- [Records to use]:
theorem theorem2p16:
  fixes X :: "nat \<Rightarrow> fuzzy" and \<theta> :: "nat \<Rightarrow> nat" and m :: nat
    and p \<beta> :: real and X1 X2 :: fuzzy
  assumes "\<And>k. fuzzy_number (X k)"
    and "lacunary \<theta>"
    and "0 < p" and "0 < \<beta>" and "\<beta> \<le> 1"
    and "fuzzy_number X1" and "w_limit \<beta> p m X X1"
    and "fuzzy_number X2" and "N_theta_limit \<theta> \<beta> p m X X2"
    and "limsup (\<lambda>r. ereal (real (\<theta> (Suc r)) / real (\<theta> r) powr \<beta>)) < \<infinity>"
  shows "X1 = X2"
proof -
  have bounded: "bounded_levels (Delta m X k)" "bounded_levels X1" "bounded_levels X2" for k
    using assms(1,6,8) by (simp_all add: bounded_levels_Delta fuzzy_number_bounded_levels)
  have "strict_mono \<theta>" using assms(2) by (simp add: lacunary_def)
  then have "\<forall>r. 1 \<le> real (\<theta> (Suc r) - \<theta> r)"
    by (simp add: strict_mono_def Suc_leI)
  have "fdist X1 X2 powr p / 2 powr p \<le> 0"
  proof (rule le_zero_if_le_sum_of_vanishing_means[OF _ \<open>strict_mono \<theta>\<close>])
    show "(\<lambda>n. (\<Sum>k=1..n. fdist (Delta m X k) X1 powr p) / real n) \<longlonglongrightarrow> 0"
      using assms(5,7) unfolding w_limit_def
      by (intro tendsto_zero_rescale_powr) (auto simp: sum_nonneg eventually_sequentially)
    show "(\<lambda>r. (\<Sum>k\<in>{\<theta> r<..\<theta> (Suc r)}. fdist (Delta m X k) X2 powr p)
        / real (\<theta> (Suc r) - \<theta> r)) \<longlonglongrightarrow> 0"
      using assms(5,9) \<open>\<forall>r. 1 \<le> real (\<theta> (Suc r) - \<theta> r)\<close> unfolding N_theta_limit_def
      by (intro tendsto_zero_rescale_powr) (auto simp: sum_nonneg)
    show "fdist X1 X2 powr p / 2 powr p
        \<le> fdist (Delta m X k) X1 powr p + fdist (Delta m X k) X2 powr p" for k
      using fdist_powr_le[OF bounded assms(3)] by (simp add: divide_le_eq mult.commute)
  qed simp
  then have "fdist X1 X2 = 0"
    by (simp add: divide_le_0_iff)
  then show ?thesis
    using assms(6,8) by (rule fuzzy_number_eqI_fdist[rotated 2])
qed

end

- [Try it]:
Exactly and in full, write out the lines from the one containing "(\<Sum>k=1..n. fdist (Delta" through the end of the listing.

- [Written answer]:
    show "(\<lambda>n. (\<Sum>k=1..n. fdist (Delta m X k) X1 powr p) / real n) \<longlonglongrightarrow> 0"
      using assms(5,7) unfolding w_limit_def
      by (intro tendsto_zero_rescale_powr) (auto simp: sum_nonneg eventually_sequentially)
    show "(\<lambda>r. (\<Sum>k\<in>{\<theta> r<..\<theta> (Suc r)}. fdist (Delta m X k) X2 powr p)
        / real (\<theta> (Suc r) - \<theta> r)) \<longlonglongrightarrow> 0"
      using assms(5,9) \<open>\<forall>r. 1 \<le> real (\<theta> (Suc r) - \<theta> r)\<close> unfolding N_theta_limit_def
      by (intro tendsto_zero_rescale_powr) (auto simp: sum_nonneg)
    show "fdist X1 X2 powr p / 2 powr p
        \<le> fdist (Delta m X k) X1 powr p + fdist (Delta m X k) X2 powr p" for k
      using fdist_powr_le[OF bounded assms(3)] by (simp add: divide_le_eq mult.commute)
  qed simp
  then have "fdist X1 X2 = 0"
    by (simp add: divide_le_0_iff)
  then show ?thesis
    using assms(6,8) by (rule fuzzy_number_eqI_fdist[rotated 2])
qed

end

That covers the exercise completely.